- Exercise instructions -
For this exercise, reproduce the entries below exactly, but only from the line containing "t u \<Longrightarrow>" through the line containing "standard s s'", both included.

- Material supplied -
lemma wf_step_levels:
  assumes step: "wf_step Vs x u N x'" and Vs: "finite Vs" "N \<subseteq> Vs" "u \<in> Vs" "u \<notin> N"
    and x: "allocation x"
  obtains L where "level Vs x' u \<le> 1" "level Vs x' u = 1 \<or> L = 1"
    "\<And>w. w \<notin> N \<Longrightarrow> w \<noteq> u \<Longrightarrow> level Vs x' w = level Vs x w"
    "\<And>w. w \<in> N \<Longrightarrow> level Vs x' w = max (level Vs x w) L"
    "level Vs x' u = level Vs x u + (\<Sum>v\<in>N. max 0 (L - level Vs x v))"
proof -
  obtain L where upd: "\<forall>v\<in>N. x' u v = x u v + max 0 (L - level Vs x v) \<and> x' v u = x' u v"
    and keep: "\<forall>a b. \<not> ((a = u \<and> b \<in> N) \<or> (b = u \<and> a \<in> N)) \<longrightarrow> x' a b = x a b"
    and u_le: "level Vs x' u \<le> 1" and stop: "level Vs x' u = 1 \<or> L = 1"
    using step unfolding wf_step_def by blast
  have other: "level Vs x' w = level Vs x w" if "w \<notin> N" "w \<noteq> u" for w
    unfolding level_def using keep that by (auto intro!: sum.cong)
  have nbr: "level Vs x' w = max (level Vs x w) L" if w: "w \<in> N" for w
  proof -
    have "x' w u = x w u + max 0 (L - level Vs x w)"
      using upd w x unfolding allocation_def by metis
    moreover have "x' w z = x w z" if "z \<noteq> u" for z
      using keep w Vs(4) that by metis
    ultimately have "x' w z = x w z + (if z = u then max 0 (L - level Vs x w) else 0)" for z
      by simp
    then have "level Vs x' w = level Vs x w + max 0 (L - level Vs x w)"
      unfolding level_def using Vs by (simp add: sum.distrib)
    then show ?thesis by (simp add: max_def)
  qed
  have gain: "level Vs x' u = level Vs x u + (\<Sum>v\<in>N. max 0 (L - level Vs x v))"
  proof -
    have "x' u z = x u z + (if z \<in> N then max 0 (L - level Vs x z) else 0)" for z
    proof (cases "z \<in> N")
      case True
      then show ?thesis using upd by simp
    next
      case False
      then show ?thesis using keep Vs(4) by simp
    qed
    then show ?thesis
      unfolding level_def using Vs by (simp add: sum_add_if_subset)
  qed
  show ?thesis by (rule that[OF u_le stop other nbr gain])
qed
lemma flat_exp_deriv_has_real_derivative:
  "(flat_exp_deriv k has_real_derivative flat_exp_deriv (Suc k) x) (at x)"
proof (cases x "0::real" rule: linorder_cases)
  case less
  have "((\<lambda>_. 0) has_real_derivative flat_exp_deriv (Suc k) x) (at x)"
    using less by (simp add: flat_exp_deriv_def)
  then show ?thesis
    by (rule has_field_derivative_transform_within_open[where S="{..<0}"])
       (use less in \<open>auto simp: flat_exp_deriv_def\<close>)
next
  case equal
  have "((\<lambda>y. (flat_exp_deriv k y - flat_exp_deriv k 0) / (y - 0)) \<longlongrightarrow> 0) (at_right 0)"
    using flat_exp_deriv_div_tendsto_0 by (simp add: flat_exp_deriv_def)
  moreover have "((\<lambda>y. (flat_exp_deriv k y - flat_exp_deriv k 0) / (y - 0)) \<longlongrightarrow> 0) (at_left 0)"
  proof (rule tendsto_eventually)
    have "\<forall>\<^sub>F y in at_left (0::real). y \<in> {-1<..<0}"
      by (rule eventually_at_left_real) simp
    then show "\<forall>\<^sub>F y in at_left 0. (flat_exp_deriv k y - flat_exp_deriv k 0) / (y - 0) = 0"
      by eventually_elim (simp add: flat_exp_deriv_def)
  qed
  ultimately show ?thesis
    using equal by (simp add: has_field_derivative_iff filterlim_at_split flat_exp_deriv_def)
next
  case greater
  let ?P = "flat_exp_poly k"
  have inv: "(inverse has_real_derivative - (inverse x ^ 2)) (at x)"
    using greater DERIV_inverse[of x] by (simp add: power2_eq_square)
  have "((\<lambda>y. poly ?P (inverse y) * exp (- inverse y)) has_real_derivative
      poly ?P (inverse x) * (exp (- inverse x) * inverse x ^ 2)
      + poly (pderiv ?P) (inverse x) * (- (inverse x ^ 2)) * exp (- inverse x)) (at x)"
  proof (rule DERIV_mult'[OF DERIV_chain2[OF poly_DERIV inv]])
    show "((\<lambda>y. exp (- inverse y)) has_real_derivative exp (- inverse x) * inverse x ^ 2) (at x)"
      using DERIV_chain2[OF DERIV_exp DERIV_minus[OF inv]] by simp
  qed
  moreover have "poly ?P (inverse x) * (exp (- inverse x) * inverse x ^ 2)
      + poly (pderiv ?P) (inverse x) * (- (inverse x ^ 2)) * exp (- inverse x)
      = flat_exp_deriv (Suc k) x"
    using greater by (simp add: flat_exp_deriv_def algebra_simps power2_eq_square)
  ultimately have "((\<lambda>y. poly ?P (inverse y) * exp (- inverse y)) has_real_derivative
      flat_exp_deriv (Suc k) x) (at x)"
    by simp
  then show ?thesis
    by (rule has_field_derivative_transform_within_open[where S="{0<..}"])
       (use greater in \<open>auto simp: flat_exp_deriv_def\<close>)
qed

lemma smooth_flat_exp: "smooth flat_exp"
proof -
  have "flat_exp_deriv 0 = flat_exp"
    by (simp add: flat_exp_deriv_def flat_exp_def fun_eq_iff)
  then show ?thesis by (rule smoothI) (rule flat_exp_deriv_has_real_derivative)
qed

definition bump :: "real \<Rightarrow> real" where
  "bump x = flat_exp x * flat_exp (1 - x)"

lemma smooth_bump: "smooth bump"
  unfolding bump_def
  using smooth_mult[OF smooth_flat_exp smooth_compose_affine[OF smooth_flat_exp, of "-1" 1]]
  by simp

definition bump_on :: "real \<Rightarrow> real \<Rightarrow> real \<Rightarrow> real" where
  "bump_on p q x = bump ((x - p) / (q - p))"

lemma smooth_bump_on: "smooth (bump_on p q)"
  using smooth_compose_affine[OF smooth_bump, of "inverse (q - p)" "- p * inverse (q - p)"]
  by (simp add: bump_on_def[abs_def] divide_inverse algebra_simps)

lemma bump_nonneg: "0 \<le> bump x"
  by (simp add: bump_def flat_exp_def)

lemma bump_eq_0: "x \<le> 0 \<or> 1 \<le> x \<Longrightarrow> bump x = 0"
  by (auto simp: bump_def flat_exp_def)

lemma bump_pos: "0 < x \<Longrightarrow> x < 1 \<Longrightarrow> 0 < bump x"
  by (simp add: bump_def flat_exp_def)

lemma bump_on_nonneg: "0 \<le> bump_on p q x"
  by (simp add: bump_on_def bump_nonneg)

lemma bump_on_eq_0: "p < q \<Longrightarrow> x \<le> p \<or> q \<le> x \<Longrightarrow> bump_on p q x = 0"
  unfolding bump_on_def by (rule bump_eq_0) (auto simp: field_simps)

lemma bump_on_pos: "p < q \<Longrightarrow> p < x \<Longrightarrow> x < q \<Longrightarrow> 0 < bump_on p q x"
  unfolding bump_on_def by (rule bump_pos) (auto simp: field_simps)

lemma integral_pos_if_continuous_nonneg:
  fixes f :: "real \<Rightarrow> real"
  assumes "p < q" "continuous_on {p..q} f" "\<And>x. x \<in> {p..q} \<Longrightarrow> 0 \<le> f x"
    and "x \<in> {p..q}" "0 < f x"
  shows "0 < integral {p..q} f"
proof -
  have "0 \<le> integral {p..q} f"
    using assms(2,3) by (intro integral_nonneg integrable_continuous_real) auto
  moreover have "integral {p..q} f \<noteq> 0"
  proof
    assume "integral {p..q} f = 0"
    then have "\<forall>y\<in>cbox p q. f y = 0"
      using integral_cbox_eq_0_iff[of p q f] assms(1-3) by auto
    then show False using assms(4,5) by auto
  qed
  ultimately show ?thesis by simp
qed

lemma integral_bump_on_pos: "p < q \<Longrightarrow> 0 < integral {p..q} (bump_on p q)"
  by (rule integral_pos_if_continuous_nonneg[of _ _ _ "(p + q) / 2"])
     (auto intro: smooth_imp_continuous_on smooth_bump_on bump_on_nonneg bump_on_pos)

section \<open>Smooth steps and plateaus\<close>

definition step_density :: "real \<Rightarrow> real \<Rightarrow> real \<Rightarrow> real" where
  "step_density p q x = bump_on p q x / integral {p..q} (bump_on p q)"

text \<open>Any lower limit below \<open>p\<close> would do; \<open>p - 1\<close> keeps every \<open>x \<ge> p\<close> in the interior of the
  domain of integration.\<close>

definition smooth_step :: "real \<Rightarrow> real \<Rightarrow> real \<Rightarrow> real" where
  "smooth_step p q x = integral {p - 1..x} (step_density p q)"
lemma head_lift: "head t t' \<Longrightarrow> head (lift t k) (lift t' k)"
proof (induction t t' arbitrary: k rule: head.induct)
  case (head_beta t s)
  show ?case using head.head_beta[of "lift t (Suc k)" "lift s k"] by simp
qed (auto intro: head.intros)

lemma head_subst: "head t t' \<Longrightarrow> head (subst t k s) (subst t' k s)"
proof (induction t t' arbitrary: k s rule: head.induct)
  case (head_beta t u)
  show ?case using head.head_beta[of "subst t (Suc k) (lift s 0)" "subst u k s"]
    subst_subst[of 0 k t s u] by simp
qed (auto intro: head.intros)

lemma head_rtranclp_appL: "head\<^sup>*\<^sup>* t t' \<Longrightarrow> head\<^sup>*\<^sup>* (App t s) (App t' s)"
  by (rule rtranclp_map[where f = "\<lambda>t. App t s"]) (rule head_appL)

lemma head_rtranclp_prj1: "head\<^sup>*\<^sup>* t t' \<Longrightarrow> head\<^sup>*\<^sup>* (Prj1 t) (Prj1 t')"
  by (rule rtranclp_map[where f = Prj1]) (rule head_prj1)

lemma head_rtranclp_prj2: "head\<^sup>*\<^sup>* t t' \<Longrightarrow> head\<^sup>*\<^sup>* (Prj2 t) (Prj2 t')"
  by (rule rtranclp_map[where f = Prj2]) (rule head_prj2)

lemma head_rtranclp_lift: "head\<^sup>*\<^sup>* t t' \<Longrightarrow> head\<^sup>*\<^sup>* (lift t k) (lift t' k)"
  by (rule rtranclp_map[where f = "\<lambda>t. lift t k"]) (rule head_lift)

lemma head_rtranclp_subst: "head\<^sup>*\<^sup>* t t' \<Longrightarrow> head\<^sup>*\<^sup>* (subst t k s) (subst t' k s)"
  by (rule rtranclp_map[where f = "\<lambda>t. subst t k s"]) (rule head_subst)

inductive standard :: "dterm \<Rightarrow> dterm \<Rightarrow> bool" where
  standard_Var: "head\<^sup>*\<^sup>* t (Var x) \<Longrightarrow> standard t (Var x)"
| standard_Lam: "head\<^sup>*\<^sup>* t (Lam u) \<Longrightarrow> standard u s \<Longrightarrow> standard t (Lam s)"
| standard_App: "head\<^sup>*\<^sup>* t (App u1 u2) \<Longrightarrow> standard u1 s1 \<Longrightarrow> standard u2 s2 \<Longrightarrow>
    standard t (App s1 s2)"
| standard_Pair: "head\<^sup>*\<^sup>* t (Pair u1 u2) \<Longrightarrow> standard u1 s1 \<Longrightarrow> standard u2 s2 \<Longrightarrow>
    standard t (Pair s1 s2)"
| standard_Prj1: "head\<^sup>*\<^sup>* t (Prj1 u) \<Longrightarrow> standard u s \<Longrightarrow> standard t (Prj1 s)"
| standard_Prj2: "head\<^sup>*\<^sup>* t (Prj2 u) \<Longrightarrow> standard u s \<Longrightarrow> standard t (Prj2 s)"

inductive_cases standard_LamE: "standard t (Lam s)"
inductive_cases standard_PairE: "standard t (Pair s1 s2)"

lemma standard_refl: "standard t t"
  by (induction t) (auto intro: standard.intros)

lemma head_rtranclp_standard_trans: "head\<^sup>*\<^sup>* t u \<Longrightarrow> standard u s \<Longrightarrow> standard t s"
  by (erule standard.cases) (auto intro: standard.intros rtranclp_trans)

lemmas standard_congI = standard.intros[OF rtranclp.rtrancl_refl]

lemma standard_lift: "standard t t' \<Longrightarrow> standard (lift t k) (lift t' k)"
  by (induction t t' arbitrary: k rule: standard.induct)
    (rule head_rtranclp_standard_trans[OF head_rtranclp_lift], assumption,
      force intro: standard_congI standard_refl)+

lemma standard_subst:
  "standard t t' \<Longrightarrow> standard s s' \<Longrightarrow> standard (subst t k s) (subst t' k s')"
proof (induction t t' arbitrary: k s s' rule: standard.induct)
  case (standard_Lam t u r)
  from standard_Lam.prems have "standard (lift s 0) (lift s' 0)"
    by (rule standard_lift)
  then have "standard (subst (Lam u) k s) (subst (Lam r) k s')"
    by (simp add: standard_Lam.IH standard_congI)
  with head_rtranclp_subst[OF standard_Lam.hyps(1)] show ?case
    by (rule head_rtranclp_standard_trans)
qed (rule head_rtranclp_standard_trans[OF head_rtranclp_subst], assumption,
    force intro: standard_congI)+

lemma standard_beta:
  assumes "standard u (Lam b)" and "standard v s"
  shows "standard (App u v) (subst b 0 s)"
proof -
  from assms(1) obtain w where w: "head\<^sup>*\<^sup>* u (Lam w)" "standard w b"
    by (rule standard_LamE)
  have "head\<^sup>*\<^sup>* (App u v) (subst w 0 v)"
    using head_rtranclp_appL[OF w(1)] head_beta by (rule rtranclp.rtrancl_into_rtrancl)
  moreover have "standard (subst w 0 v) (subst b 0 s)"
    using w(2) assms(2) by (rule standard_subst)
  ultimately show ?thesis by (rule head_rtranclp_standard_trans)
qed

lemma standard_app_pair:
  assumes "standard u (Pair a b)" and "standard v s"
  shows "standard (App u v) (Pair (App a s) (App b s))"
proof -
  from assms(1) obtain w1 w2
    where w: "head\<^sup>*\<^sup>* u (Pair w1 w2)" "standard w1 a" "standard w2 b"
    by (rule standard_PairE)
  have "head\<^sup>*\<^sup>* (App u v) (Pair (App w1 v) (App w2 v))"
    using head_rtranclp_appL[OF w(1)] head_app_pair by (rule rtranclp.rtrancl_into_rtrancl)
  moreover have "standard (Pair (App w1 v) (App w2 v)) (Pair (App a s) (App b s))"
    using w(2,3) assms(2) by (intro standard_congI)
  ultimately show ?thesis by (rule head_rtranclp_standard_trans)
qed

lemma standard_pi1:
  assumes "standard u (Pair a b)"
  shows "standard (Prj1 u) a"
proof -
  from assms obtain w1 w2 where w: "head\<^sup>*\<^sup>* u (Pair w1 w2)" "standard w1 a"
    by (rule standard_PairE)
  have "head\<^sup>*\<^sup>* (Prj1 u) w1"
    using head_rtranclp_prj1[OF w(1)] head_pi1 by (rule rtranclp.rtrancl_into_rtrancl)
  then show ?thesis using w(2) by (rule head_rtranclp_standard_trans)
qed

lemma standard_pi2:
  assumes "standard u (Pair a b)"
  shows "standard (Prj2 u) b"
proof -
  from assms obtain w1 w2 where w: "head\<^sup>*\<^sup>* u (Pair w1 w2)" "standard w2 b"
    by (rule standard_PairE)
  have "head\<^sup>*\<^sup>* (Prj2 u) w2"
    using head_rtranclp_prj2[OF w(1)] head_pi2 by (rule rtranclp.rtrancl_into_rtrancl)
  then show ?thesis using w(2) by (rule head_rtranclp_standard_trans)
qed

lemma standard_pi1_lam:
  assumes "standard u (Lam b)"
  shows "standard (Prj1 u) (Lam (Prj1 b))"
proof -
  from assms obtain w where w: "head\<^sup>*\<^sup>* u (Lam w)" "standard w b"
    by (rule standard_LamE)
  have "head\<^sup>*\<^sup>* (Prj1 u) (Lam (Prj1 w))"
    using head_rtranclp_prj1[OF w(1)] head_pi1_lam by (rule rtranclp.rtrancl_into_rtrancl)
  moreover have "standard (Lam (Prj1 w)) (Lam (Prj1 b))"
    using w(2) by (intro standard_congI)
  ultimately show ?thesis by (rule head_rtranclp_standard_trans)
qed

- Exercise response -
lemma head_rtranclp_standard_trans: "head\<^sup>*\<^sup>* t u \<Longrightarrow> standard u s \<Longrightarrow> standard t s"
  by (erule standard.cases) (auto intro: standard.intros rtranclp_trans)

lemmas standard_congI = standard.intros[OF rtranclp.rtrancl_refl]

lemma standard_lift: "standard t t' \<Longrightarrow> standard (lift t k) (lift t' k)"
  by (induction t t' arbitrary: k rule: standard.induct)
    (rule head_rtranclp_standard_trans[OF head_rtranclp_lift], assumption,
      force intro: standard_congI standard_refl)+

lemma standard_subst:
  "standard t t' \<Longrightarrow> standard s s' \<Longrightarrow> standard (subst t k s) (subst t' k s')"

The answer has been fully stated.